Thousands of British Columbians are still without power Saturday due to stormy weather.
B.C. Hydro spokesperson Susie Rieder said that at the height of the outages about 14,000 customers across the province were affected. Most of the outages were caused by inclement weather.
Rieder said particularly hard-hit areas include Vancouver Island, the Southern Interior and some spots in the Fraser Valley.
"Right now our crews are working around the clock to restore power as quickly as possible," she said, adding it's difficult to predict when power will be restored and how much damage the storm will cause.

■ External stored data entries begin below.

(* Let $(L^+,L^-)$ be a pair of fully transverse prelaminations of $S^1$. For any nontrivial complementary region $C$ of $L^\pm$, the linkage graph $\Gamma(C;L^\mp)$ is connected.
   Context: $\mathbb D^2$ is the closed unit disc with boundary $S^1$. Pairs $\{a_1,a_2\},\{b_1,b_2\}$ of distinct points of $S^1$ cross if $a_1,a_2$ lie in different components of $S^1\setminus\{b_1,b_2\}$. A prelamination is a set of unordered pairs of distinct points of $S^1$ (leaves) no two crossing; $\mathrm{Geo}(L)$ is the union of Euclidean chords joining endpoints of leaves. $(L^+,L^-)$ is fully transverse if $L^+\cap L^-=\emptyset$, endpoints of $L^+\cup L^-$ are dense in $S^1$, and any two leaves of $L^+\cup L^-$ are joined by a finite chain of leaves each crossing the next. A complementary region of $L$ is the closure of a component of $\mathbb D^2\setminus\mathrm{Geo}(L)$; nontrivial if it is not a single chord; its boundary chords are its geodesic sides. For a nontrivial complementary region $C$ of $L^\pm$, an ideal segment of $C$ is a compact arc $I\subset S^1$ with nonempty interior such that for a single geodesic side $\alpha$ of $C$ the endpoints of $L^\mp$-leaves crossing $\alpha$ are dense in the interior of $I$, and $I$ is maximal with this property. The linkage graph $\Gamma(C;L^\mp)$ has as vertices the geodesic sides and the ideal segments of $C$; two distinct vertices are joined by an edge if some leaf of $L^\mp$ intersects both, where intersecting a geodesic side means crossing that chord and intersecting an ideal segment means having an endpoint in its interior. *)

theory Defs
  imports "HOL-Analysis.Analysis"
begin

abbreviation S1 :: "complex set" where "S1 \<equiv> sphere 0 1"
abbreviation D2 :: "complex set" where "D2 \<equiv> cball 0 1"

definition is_leaf :: "complex set \<Rightarrow> bool" where
  "is_leaf l \<longleftrightarrow> (\<exists>a b. a \<noteq> b \<and> a \<in> S1 \<and> b \<in> S1 \<and> l = {a, b})"

definition crosses :: "complex set \<Rightarrow> complex set \<Rightarrow> bool" where
  "crosses l m \<longleftrightarrow> is_leaf l \<and> is_leaf m \<and>
     (\<exists>a1 a2. l = {a1, a2} \<and> a1 \<in> S1 - m \<and> a2 \<in> S1 - m \<and>
        \<not> connected_component (S1 - m) a1 a2)"

definition prelamination :: "complex set set \<Rightarrow> bool" where
  "prelamination L \<longleftrightarrow> (\<forall>l\<in>L. is_leaf l) \<and> (\<forall>l\<in>L. \<forall>m\<in>L. \<not> crosses l m)"

definition Geo :: "complex set set \<Rightarrow> complex set" where
  "Geo L = \<Union>{closed_segment a b | a b. {a, b} \<in> L}"

definition fully_transverse :: "complex set set \<Rightarrow> complex set set \<Rightarrow> bool" where
  "fully_transverse Lp Lm \<longleftrightarrow> prelamination Lp \<and> prelamination Lm \<and> Lp \<inter> Lm = {} \<and>
     S1 \<subseteq> closure (\<Union>(Lp \<union> Lm)) \<and>
     (\<forall>l\<in>Lp \<union> Lm. \<forall>m\<in>Lp \<union> Lm.
        (\<lambda>x y. x \<in> Lp \<union> Lm \<and> y \<in> Lp \<union> Lm \<and> crosses x y)\<^sup>*\<^sup>* l m)"

definition compl_region :: "complex set set \<Rightarrow> complex set \<Rightarrow> bool" where
  "compl_region L C \<longleftrightarrow>
     (\<exists>x \<in> D2 - Geo L. C = closure (connected_component_set (D2 - Geo L) x))"

definition nontrivial_region :: "complex set set \<Rightarrow> complex set \<Rightarrow> bool" where
  "nontrivial_region L C \<longleftrightarrow> compl_region L C \<and>
     \<not> (\<exists>a b. a \<noteq> b \<and> a \<in> S1 \<and> b \<in> S1 \<and> C = closed_segment a b)"

definition geodesic_side :: "complex set \<Rightarrow> complex set \<Rightarrow> bool" where
  "geodesic_side C s \<longleftrightarrow>
     (\<exists>a b. a \<noteq> b \<and> a \<in> S1 \<and> b \<in> S1 \<and> s = {a, b} \<and> closed_segment a b \<subseteq> frontier C)"

definition compact_arc :: "complex set \<Rightarrow> bool" where
  "compact_arc I \<longleftrightarrow> (\<exists>g. arc g \<and> path_image g = I) \<and> I \<subseteq> S1"

definition int_S1 :: "complex set \<Rightarrow> complex set" where
  "int_S1 I = (top_of_set S1) interior_of I"

definition cross_endpoints :: "complex set set \<Rightarrow> complex set \<Rightarrow> complex set" where
  "cross_endpoints L' s = \<Union>{l \<in> L'. crosses l s}"

definition dense_arc_for :: "complex set set \<Rightarrow> complex set \<Rightarrow> complex set \<Rightarrow> bool" where
  "dense_arc_for L' s I \<longleftrightarrow> compact_arc I \<and> int_S1 I \<noteq> {} \<and>
     int_S1 I \<subseteq> closure (cross_endpoints L' s \<inter> int_S1 I)"

definition ideal_segment :: "complex set \<Rightarrow> complex set set \<Rightarrow> complex set \<Rightarrow> bool" where
  "ideal_segment C L' I \<longleftrightarrow>
     (\<exists>s. geodesic_side C s \<and> dense_arc_for L' s I \<and>
          (\<forall>J. I \<subseteq> J \<and> dense_arc_for L' s J \<longrightarrow> J = I))"

definition linkage_vertex :: "complex set \<Rightarrow> complex set set \<Rightarrow> complex set + complex set \<Rightarrow> bool" where
  "linkage_vertex C L' v \<longleftrightarrow> (case v of Inl s \<Rightarrow> geodesic_side C s | Inr I \<Rightarrow> ideal_segment C L' I)"

definition leaf_meets :: "complex set \<Rightarrow> complex set + complex set \<Rightarrow> bool" where
  "leaf_meets l v \<longleftrightarrow> (case v of Inl s \<Rightarrow> crosses l s | Inr I \<Rightarrow> l \<inter> int_S1 I \<noteq> {})"

definition linkage_edge :: "complex set \<Rightarrow> complex set set \<Rightarrow>
    complex set + complex set \<Rightarrow> complex set + complex set \<Rightarrow> bool" where
  "linkage_edge C L' u v \<longleftrightarrow> linkage_vertex C L' u \<and> linkage_vertex C L' v \<and> u \<noteq> v \<and>
     (\<exists>l\<in>L'. leaf_meets l u \<and> leaf_meets l v)"

definition linkage_connected :: "complex set \<Rightarrow> complex set set \<Rightarrow> bool" where
  "linkage_connected C L' \<longleftrightarrow>
     (\<forall>u v. linkage_vertex C L' u \<and> linkage_vertex C L' v \<longrightarrow> (linkage_edge C L')\<^sup>*\<^sup>* u v)"

end

theory Submission
  imports Defs
begin

text \<open>A nontrivial complementary region \<open>C\<close> of \<open>L\<close> is the intersection of the disc with the closed
  half-planes, bounded by the chords of the leaves of \<open>L\<close>, that contain a base point \<open>x0\<close>. Hence
  \<open>C\<close> is closed and convex, and each geodesic side \<open>{a, b}\<close> of \<open>C\<close> is a chord with all of \<open>C\<close> on
  one side of it. Every ideal segment is joined by an edge to the geodesic side it comes from, so it
  suffices to link any two sides. Whether two chords cross is read off from the sign of the
  orientation function \<open>orient\<close>, and every leaf of \<open>L\<close> lies in the cap cut off by some side of \<open>C\<close>.

  Given sides \<open>{a, b}\<close> and \<open>{c, d}\<close>, join a leaf of \<open>L\<close> in the cap of \<open>{a, b}\<close> to a leaf of \<open>L\<close>
  in the cap of \<open>{c, d}\<close> by a chain of crossing leaves of \<open>L \<union> L'\<close> (full transversality). Every
  leaf of the chain lies in the cap of, or crosses, a side linked to \<open>{a, b}\<close>: a leaf of \<open>L'\<close> that
  crosses such a side and also crosses a leaf of \<open>L\<close> lying in the cap of another side must cross
  that side too, which is an edge of the linkage graph. At the end of the chain this forces \<open>{c, d}\<close>
  to be linked to \<open>{a, b}\<close>.\<close>

section \<open>Orientation of triples of points\<close>

text \<open>Twice the signed area of the triangle \<open>a b z\<close>: positive iff \<open>z\<close> lies to the left of the line
  from \<open>a\<close> to \<open>b\<close>.\<close>

definition orient :: "complex \<Rightarrow> complex \<Rightarrow> complex \<Rightarrow> real" where
  "orient a b z = Im ((z - a) * cnj (b - a))"

lemma orient_swap: "orient b a z = - orient a b z"
  unfolding orient_def by (simp add: algebra_simps)

lemma orient_left [simp]: "orient a b a = 0" and orient_right [simp]: "orient a b b = 0"
  unfolding orient_def by (auto simp: algebra_simps)

lemma orient_same [simp]: "orient a a z = 0"
  unfolding orient_def by simp

lemma orient_convex_comb:
  "orient a b ((1 - u) *\<^sub>R p + u *\<^sub>R q) = (1 - u) * orient a b p + u * orient a b q"
  unfolding orient_def scaleR_conv_of_real by (simp add: algebra_simps)

lemma orient_add: "orient a b (y + d) = orient a b y + Im (d * cnj (b - a))"
  unfolding orient_def by (simp add: algebra_simps)

lemma continuous_on_orient [continuous_intros]: "continuous_on S (orient a b)"
  unfolding orient_def by (intro continuous_intros)

lemma orient_rotate: "norm w = 1 \<Longrightarrow> orient (w * a) (w * b) (w * z) = orient a b z"
proof -
  assume "norm w = 1"
  then have "w * cnj w = 1" using complex_norm_square[of w] by simp
  moreover have "(w*z - w*a) * cnj (w*b - w*a) = (w * cnj w) * ((z - a) * cnj (b - a))"
    by (simp add: algebra_simps)
  ultimately show ?thesis unfolding orient_def by simp
qed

She said every household should have an emergency kit equipped with a flashlight, batteries, first aid kit, water and food.
"We encourage everybody to be prepared," said Rieder.
"If you do come across a downed line, always assume it's live even if it's not sparking, smoking or making a buzzing sound. Stay back at least 10 metres and call 911."
A full and updated list of power outages can be found on B.C. Hydro's outage list page.
Avalanche Canada is warning that heavy snowfall and strong wind are creating dangerous avalanche conditions in southern B.C.
"Avoiding avalanche terrain will be critical to managing your risk on Saturday. Stick to simple, low-angle slopes with no overhead hazard," read the warning for B.C.'s south coast.
Drive B.C. has announced several highway closures due to avalanche work, including on the Kootenay Pass between 2 p.m. and 5 p.m. PT Saturday afternoon.
Highway 1 between Golden Donald Upper Road and Ten Mile Hill Truck Stop Road will also be closed for avalanche control work on Sunday morning between 9 a.m. and 11 a.m. PT.
More information on road closures can be found on the Drive B.C. Road Conditions and Events page.
Snowfall and winter storm warnings
Environment Canada has issued several weather alerts for much of South and Central B.C. this weekend.
Strong winds, heavy snow and rain are expected in many areas throughout Saturday until the evening.
Vancouver Island could see up to 100 millimetres of rain on the west coast, with winds of up to 110 km/h on the north coast.
Between 25 and 35 centimetres of snow is expected for Squamish, Whistler and the Sea-to-Sky corridor, while areas of the Central and North Coasts could see up to 40 centimetres, the weather agency said.
Environment Canada advised avoiding non-essential travel in these areas until conditions improve.